◆ PROBLEM TO SOLVE: In the records below, begin at the line that has "(\<Sum>x | in_box (d[k" and stop after the line that has "int list, a)."; quote those lines verbatim and nothing more.

Stored data:
══════════════════════════════

lemma sum_in_box_split:
  assumes k: "k < length d"
  shows "(\<Sum>x | in_box d x. f x) =
    (\<Sum>x | in_box (d[k := 1]) x. \<Sum>a = 0..<int (d ! k). f (x[k := a]))"
proof -
  let ?S = "{x. in_box (d[k := 1]) x}" and ?I = "{0..<int (d ! k)}"
  let ?h = "\<lambda>(x :: int list, a). x[k := a]"
  have "x = y \<and> a = b" if "x \<in> ?S" "y \<in> ?S" and eq: "x[k := a] = y[k := b]" for x y a b
  proof -
    have "length x = length d" "length y = length d" "x ! k = 0" "y ! k = 0"
      using that k by (auto simp: in_box_def)
    then show ?thesis
      using eq k by (metis list_update_overwrite nth_list_update_eq list_update_id)
  qed
  then have inj: "inj_on ?h (?S \<times> ?I)" by (intro inj_onI) auto
  have image: "?h ` (?S \<times> ?I) = {x. in_box d x}"
  proof (intro equalityI subsetI)
    fix x assume "x \<in> ?h ` (?S \<times> ?I)"
    then show "x \<in> {x. in_box d x}" using k
      by (auto simp: in_box_def nth_list_update split: if_splits)
  next
    fix x assume "x \<in> {x. in_box d x}"
    then have "(x[k := 0], x ! k) \<in> ?S \<times> ?I" using k by (auto simp: in_box_def nth_list_update)
    then show "x \<in> ?h ` (?S \<times> ?I)" by force
  qed
  have "(\<Sum>x | in_box d x. f x) = (\<Sum>p\<in>?S \<times> ?I. f (?h p))"
    unfolding image[symmetric] by (rule sum.reindex[OF inj, unfolded comp_def])
  also have "\<dots> = (\<Sum>x\<in>?S. \<Sum>a\<in>?I. f (x[k := a]))"
    by (subst sum.cartesian_product) (simp add: case_prod_beta)
  finally show ?thesis .
qed

lemma matricization_carrier:
  "matricization k d A \<in> carrier_mat (d ! k) (length (product_lists (map (\<lambda>m. [0..<m]) (d[k := 1]))))"
  unfolding matricization_def by (metis (no_types, lifting) length_map mat_of_cols_carrier)

lemma set_cols_matricization:
  "set (cols (matricization k d A)) =
     (\<lambda>x. mode_fiber k d A (map int x)) ` set (product_lists (map (\<lambda>m. [0..<m]) (d[k := 1])))"
  unfolding matricization_def by (subst cols_mat_of_cols) (auto simp: mode_fiber_def)

lemma fiber_in_cols_matricization:
  assumes "k < length d" "in_box (d[k := 1]) (x[k := 0])"
  shows "vec (d ! k) (\<lambda>i. A (x[k := int i])) \<in> set (cols (matricization k d A))"
proof -
  let ?z = "map nat (x[k := 0])"
  have "?z \<in> set (product_lists (map (\<lambda>m. [0..<m]) (d[k := 1])))"
    using assms unfolding product_lists_set in_box_def
    by (auto simp: list_all2_conv_all_nth nth_list_update)
  moreover have "map int ?z = x[k := 0]"
    using assms unfolding in_box_def by (auto intro!: nth_equalityI)
  ultimately show ?thesis unfolding set_cols_matricization mode_fiber_def by force
qed

definition mode_invariant :: "nat \<Rightarrow> (int list \<Rightarrow> 'a) \<Rightarrow> bool" where
  "mode_invariant k f \<longleftrightarrow> (\<forall>x a. f (x[k := a]) = f x)"

lemma tucker_rank_le_dim: "tucker_rank k d A \<le> d ! k"
  unfolding tucker_rank_def by (rule vec_space.rank_le_nr[OF matricization_carrier])

lemma tucker_rank_le_card_decomposition:
  assumes k: "k < length d" and Q: "finite Q"
    and inv: "\<And>q. q \<in> Q \<Longrightarrow> mode_invariant k (c q)"
    and A: "\<And>x. in_box d x \<Longrightarrow> A x = (\<Sum>q\<in>Q. c q x * u q (x ! k))"
  shows "tucker_rank k d A \<le> card Q"
  unfolding tucker_rank_def
proof (rule vec_space.rank_le_card_of_combinations[OF matricization_carrier Q])
  show "(\<lambda>q. vec (d ! k) (\<lambda>i. u q (int i))) ` Q \<subseteq> carrier_vec (d ! k)" by auto
  fix col assume "col \<in> set (cols (matricization k d A))"
  then obtain z where z: "z \<in> set (product_lists (map (\<lambda>m. [0..<m]) (d[k := 1])))"
    and col: "col = mode_fiber k d A (map int z)"
    unfolding set_cols_matricization by blast
  have "A ((map int z)[k := int i]) = (\<Sum>q\<in>Q. c q (map int z) * u q (int i))" if "i < d ! k" for i
  proof -
    have "in_box d ((map int z)[k := int i])"
      using z k that by (auto simp: product_lists_set list_all2_conv_all_nth in_box_def nth_list_update)
    moreover have "length z = length d" using z by (simp add: product_lists_set list_all2_conv_all_nth)
    ultimately show ?thesis using A inv k unfolding mode_invariant_def by simp
  qed
  then show "\<exists>\<beta>. \<forall>i<d ! k. col $ i = (\<Sum>q\<in>Q. \<beta> q * vec (d ! k) (\<lambda>i. u q (int i)) $ i)"
    unfolding col mode_fiber_def by (intro exI[of _ "\<lambda>q. c q (map int z)"]) simp
qed

definition vec_zero_ext :: "'a::zero vec \<Rightarrow> int \<Rightarrow> 'a" where
  "vec_zero_ext v t = (if 0 \<le> t \<and> t < int (dim_vec v) then v $ nat t else 0)"

lemma tensor_mode_decomposition:
  assumes A: "is_tensor d A" and k: "k < length d"
  obtains b :: "real vec set" and c where "finite b" "card b = tucker_rank k d A"
    "\<And>u. mode_invariant k (c u)" "\<And>x. A x = (\<Sum>u\<in>b. c u x * vec_zero_ext u (x ! k))"
proof -
  obtain b where fin: "finite b" and card: "card b = tucker_rank k d A"
    and bc: "b \<subseteq> carrier_vec (d ! k)"
    and cols: "\<And>col. col \<in> set (cols (matricization k d A)) \<Longrightarrow>
                 \<exists>a. \<forall>i<d ! k. col $ i = (\<Sum>u\<in>b. a u * u $ i)"
    using vec_space.exists_col_basis[OF matricization_carrier[of k d A]]
    unfolding tucker_rank_def by blast
  define fiber where "fiber x = vec (d ! k) (\<lambda>i. A (x[k := int i]))" for x
  define coords where "coords x a \<longleftrightarrow> (\<forall>i<d ! k. fiber x $ i = (\<Sum>v\<in>b. a v * v $ i))" for x a
  define c where "c u x = (if in_box (d[k := 1]) (x[k := 0]) then (SOME a. coords x a) u else 0)"
    for u x
  have inv: "mode_invariant k (c u)" for u
    unfolding mode_invariant_def c_def coords_def fiber_def by simp
  have "A x = (\<Sum>u\<in>b. c u x * vec_zero_ext u (x ! k))" for x
  proof (cases "in_box d x")
    case False
    then have "A x = 0" using A unfolding is_tensor_def by blast
    moreover have "c u x = 0 \<or> vec_zero_ext u (x ! k) = 0" if "u \<in> b" for u
      using False that bc in_box_iff_slice[OF k, of x] unfolding c_def vec_zero_ext_def by auto
    ultimately show ?thesis by (metis (no_types, lifting) mult_eq_0_iff sum.neutral)
  next
    case True
    then have slice: "in_box (d[k := 1]) (x[k := 0])" and xk: "0 \<le> x ! k" "x ! k < int (d ! k)"
      using in_box_iff_slice[OF k] by auto
    have "\<exists>a. coords x a"
      using cols fiber_in_cols_matricization[OF k slice] unfolding coords_def fiber_def by blast
    then have "coords x (SOME a. coords x a)" by (rule someI_ex)
    moreover have "(SOME a. coords x a) = (\<lambda>v. c v x)" using slice by (simp add: c_def)
    ultimately have coords_x: "coords x (\<lambda>v. c v x)" by simp
    have "x[k := int (nat (x ! k))] = x" using xk by simp
    then have "A x = fiber x $ nat (x ! k)" using xk by (simp add: fiber_def)
    also have "\<dots> = (\<Sum>v\<in>b. c v x * v $ nat (x ! k))"
      using coords_x xk unfolding coords_def by simp
    also have "\<dots> = (\<Sum>v\<in>b. c v x * vec_zero_ext v (x ! k))"
      using xk bc by (intro sum.cong) (auto simp: vec_zero_ext_def)
    finally show ?thesis .
  qed
  then show thesis using that fin card inv by blast
qed

lemma conv_eq_sum_in_box:
  assumes "is_tensor g G" "length t = length g"
  shows "conv G H t = (\<Sum>\<tau> | in_box g \<tau>. G \<tau> * H (map2 (-) t \<tau>))"
  unfolding conv_def
proof (rule sum.mono_neutral_left[OF finite_in_box])
  show "{\<tau>. length \<tau> = length t \<and> G \<tau> \<noteq> 0} \<subseteq> {\<tau>. in_box g \<tau>}"
    using assms unfolding is_tensor_def by blast
  show "\<forall>\<tau>\<in>{\<tau>. in_box g \<tau>} - {\<tau>. length \<tau> = length t \<and> G \<tau> \<noteq> 0}. G \<tau> * H (map2 (-) t \<tau>) = 0"
    using assms unfolding in_box_def by auto
qed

══════════════════════════════

◆ OUTPUT FOR THIS TASK:
    (\<Sum>x | in_box (d[k := 1]) x. \<Sum>a = 0..<int (d ! k). f (x[k := a]))"
proof -
  let ?S = "{x. in_box (d[k := 1]) x}" and ?I = "{0..<int (d ! k)}"
  let ?h = "\<lambda>(x :: int list, a). x[k := a]"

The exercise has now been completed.